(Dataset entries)
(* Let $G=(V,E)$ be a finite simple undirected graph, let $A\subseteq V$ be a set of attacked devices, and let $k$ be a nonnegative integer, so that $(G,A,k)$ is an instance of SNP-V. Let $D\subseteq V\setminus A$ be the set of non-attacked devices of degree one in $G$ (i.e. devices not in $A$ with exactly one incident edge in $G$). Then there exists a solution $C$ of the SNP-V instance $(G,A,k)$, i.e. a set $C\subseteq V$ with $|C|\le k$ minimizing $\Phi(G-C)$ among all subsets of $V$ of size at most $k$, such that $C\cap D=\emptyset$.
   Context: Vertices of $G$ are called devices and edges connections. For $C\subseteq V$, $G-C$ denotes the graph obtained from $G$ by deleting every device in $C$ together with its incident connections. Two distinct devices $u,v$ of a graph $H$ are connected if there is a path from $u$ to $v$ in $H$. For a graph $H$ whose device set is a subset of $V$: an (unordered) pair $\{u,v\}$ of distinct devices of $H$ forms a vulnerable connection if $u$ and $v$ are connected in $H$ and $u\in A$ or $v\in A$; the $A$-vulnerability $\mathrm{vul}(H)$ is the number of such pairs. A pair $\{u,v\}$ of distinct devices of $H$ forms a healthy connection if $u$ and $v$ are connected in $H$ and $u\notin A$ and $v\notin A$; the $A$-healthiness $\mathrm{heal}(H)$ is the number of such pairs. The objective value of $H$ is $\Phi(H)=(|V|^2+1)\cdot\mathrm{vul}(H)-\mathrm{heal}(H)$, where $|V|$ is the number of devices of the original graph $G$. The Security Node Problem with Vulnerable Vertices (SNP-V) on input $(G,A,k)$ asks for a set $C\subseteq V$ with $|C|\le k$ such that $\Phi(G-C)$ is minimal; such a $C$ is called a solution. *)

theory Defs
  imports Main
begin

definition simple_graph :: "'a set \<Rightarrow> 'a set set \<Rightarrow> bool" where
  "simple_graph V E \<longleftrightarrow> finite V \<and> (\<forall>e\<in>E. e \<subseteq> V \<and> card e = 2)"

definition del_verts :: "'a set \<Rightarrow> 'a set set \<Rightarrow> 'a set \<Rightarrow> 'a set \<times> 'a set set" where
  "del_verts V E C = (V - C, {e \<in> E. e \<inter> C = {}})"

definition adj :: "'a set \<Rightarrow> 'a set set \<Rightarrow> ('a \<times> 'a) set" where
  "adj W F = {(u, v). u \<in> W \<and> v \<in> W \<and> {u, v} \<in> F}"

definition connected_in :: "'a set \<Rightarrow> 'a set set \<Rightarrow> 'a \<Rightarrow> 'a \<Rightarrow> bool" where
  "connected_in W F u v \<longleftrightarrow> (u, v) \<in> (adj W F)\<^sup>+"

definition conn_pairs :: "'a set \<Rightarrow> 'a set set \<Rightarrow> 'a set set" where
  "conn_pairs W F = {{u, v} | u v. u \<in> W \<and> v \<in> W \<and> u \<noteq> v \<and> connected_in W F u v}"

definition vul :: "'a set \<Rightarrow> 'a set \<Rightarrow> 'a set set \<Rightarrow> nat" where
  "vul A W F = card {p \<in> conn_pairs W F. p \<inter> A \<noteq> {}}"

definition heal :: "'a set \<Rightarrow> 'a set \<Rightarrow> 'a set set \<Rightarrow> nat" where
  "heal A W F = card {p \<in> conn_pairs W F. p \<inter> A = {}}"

==

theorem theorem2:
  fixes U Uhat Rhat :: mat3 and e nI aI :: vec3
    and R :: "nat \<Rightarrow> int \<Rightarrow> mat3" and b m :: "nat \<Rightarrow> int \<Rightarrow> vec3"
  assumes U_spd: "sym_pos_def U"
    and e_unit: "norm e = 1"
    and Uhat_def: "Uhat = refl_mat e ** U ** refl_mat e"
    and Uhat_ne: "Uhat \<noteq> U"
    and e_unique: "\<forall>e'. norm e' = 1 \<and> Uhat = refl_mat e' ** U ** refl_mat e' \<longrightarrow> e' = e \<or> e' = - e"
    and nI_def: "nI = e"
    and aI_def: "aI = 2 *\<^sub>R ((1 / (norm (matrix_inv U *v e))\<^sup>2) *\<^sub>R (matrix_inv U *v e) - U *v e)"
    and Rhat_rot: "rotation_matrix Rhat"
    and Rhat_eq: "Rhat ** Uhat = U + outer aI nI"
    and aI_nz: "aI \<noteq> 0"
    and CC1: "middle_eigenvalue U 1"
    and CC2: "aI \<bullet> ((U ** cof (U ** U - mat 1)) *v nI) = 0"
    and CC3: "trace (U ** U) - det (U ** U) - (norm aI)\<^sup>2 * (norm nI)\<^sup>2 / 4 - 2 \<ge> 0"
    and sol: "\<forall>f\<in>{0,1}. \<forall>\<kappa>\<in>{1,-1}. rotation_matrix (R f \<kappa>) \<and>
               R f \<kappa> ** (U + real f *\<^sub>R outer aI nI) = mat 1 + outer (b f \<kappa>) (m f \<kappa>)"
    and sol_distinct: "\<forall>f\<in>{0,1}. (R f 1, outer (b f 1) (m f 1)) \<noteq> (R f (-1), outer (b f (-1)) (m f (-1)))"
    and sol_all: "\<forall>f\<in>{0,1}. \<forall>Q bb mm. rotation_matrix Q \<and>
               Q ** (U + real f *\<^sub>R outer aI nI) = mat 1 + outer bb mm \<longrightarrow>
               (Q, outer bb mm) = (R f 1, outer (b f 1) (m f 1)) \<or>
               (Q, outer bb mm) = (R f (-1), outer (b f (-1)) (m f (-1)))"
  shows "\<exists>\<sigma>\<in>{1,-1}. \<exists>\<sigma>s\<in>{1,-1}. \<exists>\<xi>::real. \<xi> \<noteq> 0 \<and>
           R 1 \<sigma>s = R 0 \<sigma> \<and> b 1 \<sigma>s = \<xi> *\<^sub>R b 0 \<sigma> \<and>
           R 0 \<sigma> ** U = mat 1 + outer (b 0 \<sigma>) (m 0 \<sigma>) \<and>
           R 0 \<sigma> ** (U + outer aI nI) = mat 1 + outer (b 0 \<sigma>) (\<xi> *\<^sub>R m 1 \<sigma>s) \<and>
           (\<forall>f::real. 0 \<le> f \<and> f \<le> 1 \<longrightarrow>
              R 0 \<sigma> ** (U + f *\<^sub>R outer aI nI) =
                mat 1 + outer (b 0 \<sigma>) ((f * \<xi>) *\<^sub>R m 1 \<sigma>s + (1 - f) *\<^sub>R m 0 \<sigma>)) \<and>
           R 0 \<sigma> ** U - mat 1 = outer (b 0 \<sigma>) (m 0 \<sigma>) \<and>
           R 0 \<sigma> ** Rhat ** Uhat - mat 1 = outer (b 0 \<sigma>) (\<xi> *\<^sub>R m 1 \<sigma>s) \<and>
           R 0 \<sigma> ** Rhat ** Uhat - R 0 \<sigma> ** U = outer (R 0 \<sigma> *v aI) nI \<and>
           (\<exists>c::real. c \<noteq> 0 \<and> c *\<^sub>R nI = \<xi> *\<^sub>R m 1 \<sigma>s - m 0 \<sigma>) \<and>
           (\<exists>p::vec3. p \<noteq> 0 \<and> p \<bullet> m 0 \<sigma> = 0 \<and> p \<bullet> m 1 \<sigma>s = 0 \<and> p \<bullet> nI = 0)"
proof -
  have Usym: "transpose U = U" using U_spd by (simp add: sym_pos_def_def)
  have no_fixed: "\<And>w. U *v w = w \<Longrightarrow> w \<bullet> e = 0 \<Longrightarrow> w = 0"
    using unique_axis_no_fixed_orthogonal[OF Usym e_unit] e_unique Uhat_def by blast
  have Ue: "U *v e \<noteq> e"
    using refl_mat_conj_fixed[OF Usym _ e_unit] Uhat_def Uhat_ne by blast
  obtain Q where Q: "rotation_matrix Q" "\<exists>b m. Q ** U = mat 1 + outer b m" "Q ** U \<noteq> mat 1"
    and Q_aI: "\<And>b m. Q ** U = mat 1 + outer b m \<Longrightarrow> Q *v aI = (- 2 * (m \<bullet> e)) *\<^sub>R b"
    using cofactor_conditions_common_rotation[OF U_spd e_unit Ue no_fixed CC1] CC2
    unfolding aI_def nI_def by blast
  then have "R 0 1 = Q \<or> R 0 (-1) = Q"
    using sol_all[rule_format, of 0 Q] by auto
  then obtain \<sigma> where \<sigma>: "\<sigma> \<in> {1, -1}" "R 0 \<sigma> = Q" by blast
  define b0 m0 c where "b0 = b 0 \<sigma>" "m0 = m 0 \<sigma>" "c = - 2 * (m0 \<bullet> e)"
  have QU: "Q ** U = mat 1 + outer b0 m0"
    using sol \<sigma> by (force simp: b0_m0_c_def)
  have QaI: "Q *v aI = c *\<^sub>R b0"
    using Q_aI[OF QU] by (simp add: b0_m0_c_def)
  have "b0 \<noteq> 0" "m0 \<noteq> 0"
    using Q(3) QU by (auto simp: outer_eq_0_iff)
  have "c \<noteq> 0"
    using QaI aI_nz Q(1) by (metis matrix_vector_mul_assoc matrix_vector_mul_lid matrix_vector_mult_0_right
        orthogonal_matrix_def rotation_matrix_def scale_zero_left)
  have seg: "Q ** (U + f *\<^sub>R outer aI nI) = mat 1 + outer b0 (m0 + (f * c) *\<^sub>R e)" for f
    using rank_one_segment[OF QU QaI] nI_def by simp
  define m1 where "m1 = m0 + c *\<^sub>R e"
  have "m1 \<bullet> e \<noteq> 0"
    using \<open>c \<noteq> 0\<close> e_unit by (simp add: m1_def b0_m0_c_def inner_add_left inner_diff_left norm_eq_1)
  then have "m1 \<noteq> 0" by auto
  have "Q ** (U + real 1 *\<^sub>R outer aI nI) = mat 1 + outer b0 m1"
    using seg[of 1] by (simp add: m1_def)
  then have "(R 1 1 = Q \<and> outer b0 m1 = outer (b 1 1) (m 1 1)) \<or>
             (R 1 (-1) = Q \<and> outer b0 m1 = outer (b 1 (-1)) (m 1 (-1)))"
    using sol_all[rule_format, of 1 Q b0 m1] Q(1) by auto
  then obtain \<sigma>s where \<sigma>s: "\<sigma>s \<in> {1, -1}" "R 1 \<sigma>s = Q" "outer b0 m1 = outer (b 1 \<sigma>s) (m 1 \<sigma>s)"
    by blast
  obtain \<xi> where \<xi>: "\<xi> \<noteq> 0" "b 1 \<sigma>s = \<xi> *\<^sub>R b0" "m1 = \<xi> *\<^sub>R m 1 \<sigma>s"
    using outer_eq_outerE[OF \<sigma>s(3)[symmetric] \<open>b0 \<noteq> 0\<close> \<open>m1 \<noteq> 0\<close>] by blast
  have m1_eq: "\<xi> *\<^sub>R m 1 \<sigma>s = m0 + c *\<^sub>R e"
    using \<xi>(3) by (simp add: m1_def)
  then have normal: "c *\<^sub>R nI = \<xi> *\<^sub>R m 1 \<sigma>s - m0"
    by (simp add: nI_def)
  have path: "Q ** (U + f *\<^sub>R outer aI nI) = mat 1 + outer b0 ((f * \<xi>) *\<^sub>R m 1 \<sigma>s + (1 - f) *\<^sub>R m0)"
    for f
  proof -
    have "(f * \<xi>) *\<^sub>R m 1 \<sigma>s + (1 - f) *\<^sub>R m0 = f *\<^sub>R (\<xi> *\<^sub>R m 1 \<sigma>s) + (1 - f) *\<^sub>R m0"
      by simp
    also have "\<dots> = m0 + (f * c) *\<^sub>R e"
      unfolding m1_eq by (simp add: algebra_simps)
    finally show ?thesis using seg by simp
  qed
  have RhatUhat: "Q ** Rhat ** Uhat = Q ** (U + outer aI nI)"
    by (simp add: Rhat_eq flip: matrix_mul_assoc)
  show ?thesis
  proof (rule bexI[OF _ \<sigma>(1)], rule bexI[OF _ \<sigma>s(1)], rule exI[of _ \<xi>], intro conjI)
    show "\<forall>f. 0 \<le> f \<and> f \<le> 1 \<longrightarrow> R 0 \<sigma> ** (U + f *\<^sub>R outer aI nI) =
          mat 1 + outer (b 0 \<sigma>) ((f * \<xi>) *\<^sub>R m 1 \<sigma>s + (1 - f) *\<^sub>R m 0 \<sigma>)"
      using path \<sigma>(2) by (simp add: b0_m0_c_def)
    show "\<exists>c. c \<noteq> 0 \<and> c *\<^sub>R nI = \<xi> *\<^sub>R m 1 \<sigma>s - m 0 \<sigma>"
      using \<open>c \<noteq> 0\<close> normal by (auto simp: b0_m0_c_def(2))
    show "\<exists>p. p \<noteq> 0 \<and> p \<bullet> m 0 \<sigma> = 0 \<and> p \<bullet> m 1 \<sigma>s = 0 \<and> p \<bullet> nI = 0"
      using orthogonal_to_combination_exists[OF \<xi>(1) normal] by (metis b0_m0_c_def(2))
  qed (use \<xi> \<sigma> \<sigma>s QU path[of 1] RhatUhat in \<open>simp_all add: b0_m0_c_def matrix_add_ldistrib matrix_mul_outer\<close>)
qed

* * *

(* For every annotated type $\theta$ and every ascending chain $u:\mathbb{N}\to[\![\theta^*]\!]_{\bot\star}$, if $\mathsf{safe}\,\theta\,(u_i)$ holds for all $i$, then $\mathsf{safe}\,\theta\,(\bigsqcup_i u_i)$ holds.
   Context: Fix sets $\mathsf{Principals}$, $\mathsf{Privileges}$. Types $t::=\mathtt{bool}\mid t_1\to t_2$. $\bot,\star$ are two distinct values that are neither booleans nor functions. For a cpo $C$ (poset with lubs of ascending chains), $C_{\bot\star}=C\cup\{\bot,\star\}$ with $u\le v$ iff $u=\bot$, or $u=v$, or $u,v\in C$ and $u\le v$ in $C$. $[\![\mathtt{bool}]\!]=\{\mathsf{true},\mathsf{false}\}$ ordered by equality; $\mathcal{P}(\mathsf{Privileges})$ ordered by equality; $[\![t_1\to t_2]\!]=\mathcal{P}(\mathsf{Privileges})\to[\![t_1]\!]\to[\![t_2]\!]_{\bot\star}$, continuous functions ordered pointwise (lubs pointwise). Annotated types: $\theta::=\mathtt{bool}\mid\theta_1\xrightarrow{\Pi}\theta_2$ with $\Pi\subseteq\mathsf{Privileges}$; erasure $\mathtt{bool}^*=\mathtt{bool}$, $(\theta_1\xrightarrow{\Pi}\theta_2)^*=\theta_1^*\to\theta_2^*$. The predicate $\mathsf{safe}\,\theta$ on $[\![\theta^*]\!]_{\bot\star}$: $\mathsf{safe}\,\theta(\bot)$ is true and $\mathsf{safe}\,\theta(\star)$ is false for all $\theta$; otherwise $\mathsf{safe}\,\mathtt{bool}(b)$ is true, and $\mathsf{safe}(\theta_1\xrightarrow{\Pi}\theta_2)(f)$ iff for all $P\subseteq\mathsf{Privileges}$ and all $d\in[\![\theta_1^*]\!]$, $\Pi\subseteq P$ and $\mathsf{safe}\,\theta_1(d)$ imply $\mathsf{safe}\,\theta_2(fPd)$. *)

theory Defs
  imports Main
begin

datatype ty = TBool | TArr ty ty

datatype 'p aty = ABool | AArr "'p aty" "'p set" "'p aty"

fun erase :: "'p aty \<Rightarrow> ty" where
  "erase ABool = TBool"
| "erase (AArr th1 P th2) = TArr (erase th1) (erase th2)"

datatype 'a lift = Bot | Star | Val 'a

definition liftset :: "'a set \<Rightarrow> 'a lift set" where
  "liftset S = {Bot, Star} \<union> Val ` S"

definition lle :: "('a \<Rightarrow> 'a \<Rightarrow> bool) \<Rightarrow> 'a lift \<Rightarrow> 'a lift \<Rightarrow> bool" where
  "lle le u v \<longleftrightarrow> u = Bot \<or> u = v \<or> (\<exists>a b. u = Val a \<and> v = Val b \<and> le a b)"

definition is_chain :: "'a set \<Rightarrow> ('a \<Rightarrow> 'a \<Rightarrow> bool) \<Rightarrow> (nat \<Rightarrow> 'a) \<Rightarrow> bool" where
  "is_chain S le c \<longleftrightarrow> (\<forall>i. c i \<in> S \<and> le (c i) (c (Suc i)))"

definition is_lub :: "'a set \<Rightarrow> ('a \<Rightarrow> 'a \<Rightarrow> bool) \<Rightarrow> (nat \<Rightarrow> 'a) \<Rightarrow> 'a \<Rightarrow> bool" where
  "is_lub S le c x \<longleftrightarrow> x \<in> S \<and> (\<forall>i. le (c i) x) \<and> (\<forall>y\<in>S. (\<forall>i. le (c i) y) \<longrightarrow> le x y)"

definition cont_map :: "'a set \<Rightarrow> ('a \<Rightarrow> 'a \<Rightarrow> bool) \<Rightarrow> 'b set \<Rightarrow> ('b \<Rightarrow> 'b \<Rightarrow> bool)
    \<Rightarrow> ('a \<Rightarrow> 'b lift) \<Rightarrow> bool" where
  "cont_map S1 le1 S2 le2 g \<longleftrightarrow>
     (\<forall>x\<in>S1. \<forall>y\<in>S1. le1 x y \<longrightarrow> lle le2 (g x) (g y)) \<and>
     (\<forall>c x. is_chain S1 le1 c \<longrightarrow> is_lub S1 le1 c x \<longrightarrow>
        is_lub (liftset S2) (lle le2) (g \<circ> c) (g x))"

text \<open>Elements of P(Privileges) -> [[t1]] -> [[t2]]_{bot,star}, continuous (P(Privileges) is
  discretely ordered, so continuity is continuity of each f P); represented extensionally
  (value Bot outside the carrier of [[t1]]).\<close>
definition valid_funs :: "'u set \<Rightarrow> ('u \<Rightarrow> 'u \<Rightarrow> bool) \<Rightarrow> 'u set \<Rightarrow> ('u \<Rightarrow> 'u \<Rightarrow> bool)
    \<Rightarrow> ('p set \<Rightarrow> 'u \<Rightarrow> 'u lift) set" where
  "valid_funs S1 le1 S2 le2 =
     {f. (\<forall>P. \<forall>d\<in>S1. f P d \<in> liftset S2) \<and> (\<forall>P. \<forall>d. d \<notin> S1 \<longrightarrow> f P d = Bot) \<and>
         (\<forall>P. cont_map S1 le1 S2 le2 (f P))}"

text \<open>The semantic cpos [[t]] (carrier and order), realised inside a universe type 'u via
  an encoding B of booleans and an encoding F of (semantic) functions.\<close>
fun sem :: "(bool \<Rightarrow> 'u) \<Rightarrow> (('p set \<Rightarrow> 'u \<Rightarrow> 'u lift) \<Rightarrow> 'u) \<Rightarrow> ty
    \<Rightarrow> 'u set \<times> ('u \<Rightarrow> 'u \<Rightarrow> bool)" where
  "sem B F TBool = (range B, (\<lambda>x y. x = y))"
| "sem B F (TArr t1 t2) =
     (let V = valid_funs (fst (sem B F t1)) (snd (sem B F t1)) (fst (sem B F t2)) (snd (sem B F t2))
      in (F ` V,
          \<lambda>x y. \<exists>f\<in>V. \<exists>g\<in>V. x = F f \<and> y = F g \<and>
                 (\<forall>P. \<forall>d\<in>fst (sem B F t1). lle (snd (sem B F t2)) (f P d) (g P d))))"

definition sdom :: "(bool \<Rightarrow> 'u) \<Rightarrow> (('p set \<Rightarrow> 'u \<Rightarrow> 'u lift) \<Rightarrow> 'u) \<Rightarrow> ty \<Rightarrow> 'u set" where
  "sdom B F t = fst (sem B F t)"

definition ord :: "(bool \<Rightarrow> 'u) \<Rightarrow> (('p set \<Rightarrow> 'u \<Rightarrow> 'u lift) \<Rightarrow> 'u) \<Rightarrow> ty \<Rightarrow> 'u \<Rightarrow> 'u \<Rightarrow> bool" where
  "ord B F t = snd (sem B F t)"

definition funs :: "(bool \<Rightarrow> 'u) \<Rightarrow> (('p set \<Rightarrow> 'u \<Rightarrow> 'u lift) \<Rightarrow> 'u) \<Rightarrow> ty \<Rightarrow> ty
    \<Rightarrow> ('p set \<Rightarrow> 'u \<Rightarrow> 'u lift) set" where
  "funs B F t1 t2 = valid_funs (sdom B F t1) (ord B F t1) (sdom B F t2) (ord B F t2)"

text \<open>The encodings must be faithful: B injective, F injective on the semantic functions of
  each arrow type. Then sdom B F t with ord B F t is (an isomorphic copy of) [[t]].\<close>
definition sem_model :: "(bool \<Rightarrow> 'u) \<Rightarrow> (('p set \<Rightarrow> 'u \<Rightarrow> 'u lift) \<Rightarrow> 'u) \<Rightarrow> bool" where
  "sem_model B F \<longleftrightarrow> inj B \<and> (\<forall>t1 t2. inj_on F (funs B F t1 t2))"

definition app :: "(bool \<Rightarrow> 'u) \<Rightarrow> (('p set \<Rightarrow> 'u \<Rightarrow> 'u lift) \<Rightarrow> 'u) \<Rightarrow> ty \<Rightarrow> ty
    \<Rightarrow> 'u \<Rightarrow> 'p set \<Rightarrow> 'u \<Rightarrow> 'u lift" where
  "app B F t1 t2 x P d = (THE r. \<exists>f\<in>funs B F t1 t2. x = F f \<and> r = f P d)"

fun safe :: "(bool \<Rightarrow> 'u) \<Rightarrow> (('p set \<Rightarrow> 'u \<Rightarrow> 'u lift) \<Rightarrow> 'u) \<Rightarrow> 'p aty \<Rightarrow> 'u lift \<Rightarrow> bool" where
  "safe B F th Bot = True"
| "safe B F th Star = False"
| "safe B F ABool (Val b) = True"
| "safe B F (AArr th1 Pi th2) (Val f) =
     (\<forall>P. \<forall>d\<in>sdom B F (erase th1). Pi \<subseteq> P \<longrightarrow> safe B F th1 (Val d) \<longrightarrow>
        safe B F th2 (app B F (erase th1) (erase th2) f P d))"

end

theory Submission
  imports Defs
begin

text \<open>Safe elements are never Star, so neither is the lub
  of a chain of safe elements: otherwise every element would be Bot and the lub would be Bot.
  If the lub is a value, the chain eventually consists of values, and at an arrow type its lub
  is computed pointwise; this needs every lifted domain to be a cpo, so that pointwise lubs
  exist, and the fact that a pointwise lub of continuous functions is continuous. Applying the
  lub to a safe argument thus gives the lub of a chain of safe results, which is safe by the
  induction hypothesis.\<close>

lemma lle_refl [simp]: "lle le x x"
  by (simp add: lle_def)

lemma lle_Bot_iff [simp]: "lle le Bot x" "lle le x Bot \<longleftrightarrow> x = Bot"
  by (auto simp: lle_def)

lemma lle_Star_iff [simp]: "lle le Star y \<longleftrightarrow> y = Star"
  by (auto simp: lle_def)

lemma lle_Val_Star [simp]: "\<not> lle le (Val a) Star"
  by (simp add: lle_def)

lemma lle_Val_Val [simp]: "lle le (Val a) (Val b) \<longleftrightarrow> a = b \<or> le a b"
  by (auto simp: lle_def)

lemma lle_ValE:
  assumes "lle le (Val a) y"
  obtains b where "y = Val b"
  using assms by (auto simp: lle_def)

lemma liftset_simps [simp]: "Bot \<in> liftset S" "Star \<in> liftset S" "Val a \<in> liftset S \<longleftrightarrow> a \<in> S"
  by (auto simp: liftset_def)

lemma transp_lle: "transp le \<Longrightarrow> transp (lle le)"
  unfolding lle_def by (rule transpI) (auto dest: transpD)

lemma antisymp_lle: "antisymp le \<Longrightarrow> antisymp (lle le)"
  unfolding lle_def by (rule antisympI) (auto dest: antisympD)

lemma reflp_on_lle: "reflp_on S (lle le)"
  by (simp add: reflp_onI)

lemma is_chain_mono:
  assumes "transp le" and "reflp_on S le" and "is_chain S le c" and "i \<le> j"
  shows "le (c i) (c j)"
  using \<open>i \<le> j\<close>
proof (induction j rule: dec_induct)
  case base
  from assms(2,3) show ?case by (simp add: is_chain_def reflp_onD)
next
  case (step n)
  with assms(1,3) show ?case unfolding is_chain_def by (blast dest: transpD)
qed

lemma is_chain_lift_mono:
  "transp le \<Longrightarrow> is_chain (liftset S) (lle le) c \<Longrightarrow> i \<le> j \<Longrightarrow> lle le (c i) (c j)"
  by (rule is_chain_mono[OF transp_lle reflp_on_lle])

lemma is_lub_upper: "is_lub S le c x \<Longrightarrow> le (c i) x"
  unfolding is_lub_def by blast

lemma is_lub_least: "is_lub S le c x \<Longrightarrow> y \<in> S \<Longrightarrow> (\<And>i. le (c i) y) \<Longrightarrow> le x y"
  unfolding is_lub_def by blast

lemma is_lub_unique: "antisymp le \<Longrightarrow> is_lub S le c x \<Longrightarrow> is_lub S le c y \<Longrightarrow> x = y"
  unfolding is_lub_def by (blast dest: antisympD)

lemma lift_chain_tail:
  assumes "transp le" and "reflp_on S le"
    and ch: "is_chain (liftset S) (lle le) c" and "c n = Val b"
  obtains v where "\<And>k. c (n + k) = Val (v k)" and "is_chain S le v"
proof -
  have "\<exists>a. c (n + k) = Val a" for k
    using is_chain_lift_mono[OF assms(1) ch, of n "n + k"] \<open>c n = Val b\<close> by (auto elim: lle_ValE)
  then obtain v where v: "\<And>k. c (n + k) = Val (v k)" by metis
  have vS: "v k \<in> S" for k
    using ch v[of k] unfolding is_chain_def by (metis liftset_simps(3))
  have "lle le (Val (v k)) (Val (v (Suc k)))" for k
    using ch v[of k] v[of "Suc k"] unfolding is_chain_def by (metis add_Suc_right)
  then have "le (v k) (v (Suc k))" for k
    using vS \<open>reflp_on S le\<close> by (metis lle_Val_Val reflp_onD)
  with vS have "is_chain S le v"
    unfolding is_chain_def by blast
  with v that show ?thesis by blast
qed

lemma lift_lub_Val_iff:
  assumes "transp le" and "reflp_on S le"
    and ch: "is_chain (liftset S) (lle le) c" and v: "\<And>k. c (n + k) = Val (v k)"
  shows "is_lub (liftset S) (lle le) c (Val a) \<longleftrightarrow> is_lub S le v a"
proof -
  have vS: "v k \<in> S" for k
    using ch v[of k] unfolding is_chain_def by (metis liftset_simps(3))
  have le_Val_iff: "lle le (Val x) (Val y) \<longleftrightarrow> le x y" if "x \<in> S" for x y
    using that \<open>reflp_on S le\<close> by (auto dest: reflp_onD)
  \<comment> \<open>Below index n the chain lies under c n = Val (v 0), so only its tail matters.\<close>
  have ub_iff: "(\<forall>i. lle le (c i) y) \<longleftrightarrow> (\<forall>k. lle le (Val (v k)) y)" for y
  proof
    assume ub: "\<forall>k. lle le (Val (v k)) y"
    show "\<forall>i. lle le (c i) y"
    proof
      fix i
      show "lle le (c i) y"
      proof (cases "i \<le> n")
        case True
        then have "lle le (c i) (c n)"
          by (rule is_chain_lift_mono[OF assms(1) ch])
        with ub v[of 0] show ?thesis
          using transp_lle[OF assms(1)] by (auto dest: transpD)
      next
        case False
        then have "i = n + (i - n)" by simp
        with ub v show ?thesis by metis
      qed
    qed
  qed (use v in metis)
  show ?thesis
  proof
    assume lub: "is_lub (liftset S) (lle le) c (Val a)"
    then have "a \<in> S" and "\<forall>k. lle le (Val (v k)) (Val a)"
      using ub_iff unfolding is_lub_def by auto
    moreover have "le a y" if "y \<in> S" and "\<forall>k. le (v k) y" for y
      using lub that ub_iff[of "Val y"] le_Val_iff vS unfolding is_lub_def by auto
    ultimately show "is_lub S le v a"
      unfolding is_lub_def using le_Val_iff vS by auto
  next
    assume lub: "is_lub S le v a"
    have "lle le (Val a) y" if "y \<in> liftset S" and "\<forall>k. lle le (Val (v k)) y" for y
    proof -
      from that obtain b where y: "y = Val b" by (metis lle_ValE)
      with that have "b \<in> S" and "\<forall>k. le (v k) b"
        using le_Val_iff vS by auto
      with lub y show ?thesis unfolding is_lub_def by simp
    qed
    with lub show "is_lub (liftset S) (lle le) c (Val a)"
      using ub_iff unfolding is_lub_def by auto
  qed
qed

What you have to do >>
Only the lines containing the word "obtains" should be returned from the data above.

Written answer >>
  obtains b where "y = Val b"
  obtains v where "\<And>k. c (n + k) = Val (v k)" and "is_chain S le v"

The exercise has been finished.